__Information supplied__:
lemma util_le_mult_util_if_card_bound:
  assumes i: "i < n" and full: "card x = k" and R: "R \<in> allocs m q" and q: "n * q \<le> k"
  shows "util v i R \<le> n * util v i x"
proof -
  have fR: "finite R" using R by (rule alloc_finite)
  define D where "D = R - x"
  have "n * card D \<le> card (x - R)"
    unfolding D_def using R q full fR finite_alloc
    by (intro mult_card_Diff_le_card_Diff) (auto simp: allocs_def)
  then obtain E where E: "E \<subseteq> x - R" "card E = card D"
    and light: "real n * (\<Sum>g\<in>E. nash_weight i g) \<le> real n - 1"
    using obtain_light_subset[OF i, of "x - R"] by blast
  let ?y = "(x - E) \<union> D"
  have Ex: "E \<subseteq> x" using E by auto
  have fE: "finite E" using Ex finite_alloc by (rule finite_subset)
  have "card ?y \<le> card (x - E) + card D" by (rule card_Un_le)
  also have "\<dots> = k"
    using card_Diff_subset[OF fE Ex] card_mono[OF finite_alloc Ex] E(2) full by simp
  finally have y: "?y \<in> allocs m k" using alloc R by (auto simp: allocs_def D_def)
  have "util v i R \<le> util v i ?y"
  proof -
    have "util v i R = util v i D + util v i (R \<inter> x)"
      unfolding D_def using util_Diff_Int[OF fR] .
    also have "\<dots> = util v i (D \<union> (R \<inter> x))"
      using fR by (intro util_union_disjoint[symmetric]) (auto simp: D_def)
    also have "\<dots> \<le> util v i ?y"
      using E alloc_finite[OF y] by (intro util_mono) (auto simp: D_def)
    finally show ?thesis .
  qed
  then have "real (util v i R) \<le> real (util v i ?y)" by simp
  also have "\<dots> \<le> real (util v i ?y) * (real n * (1 - (\<Sum>g\<in>E. nash_weight i g)))"
  proof -
    have "1 \<le> real n * (1 - (\<Sum>g\<in>E. nash_weight i g))" using light by (simp add: algebra_simps)
    from mult_left_mono[OF this, of "real (util v i ?y)"] show ?thesis by simp
  qed
  also have "\<dots> = real n * (real (util v i ?y) * (1 - (\<Sum>g\<in>E. nash_weight i g)))"
    by (simp add: ac_simps)
  also have "\<dots> \<le> real n * real (util v i x)"
    using exchange_bound[OF i _ y] E by (intro mult_left_mono) auto
  finally show ?thesis by (metis of_nat_le_iff of_nat_mult)
qed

__What you will do__: Please output the lines of the listing above that fall in the stretch from the one with "by (rule alloc_finite)" through the one with "then obtain E", exactly and only those.

__Exercise response__:
  have fR: "finite R" using R by (rule alloc_finite)
  define D where "D = R - x"
  have "n * card D \<le> card (x - R)"
    unfolding D_def using R q full fR finite_alloc
    by (intro mult_card_Diff_le_card_Diff) (auto simp: allocs_def)
  then obtain E where E: "E \<subseteq> x - R" "card E = card D"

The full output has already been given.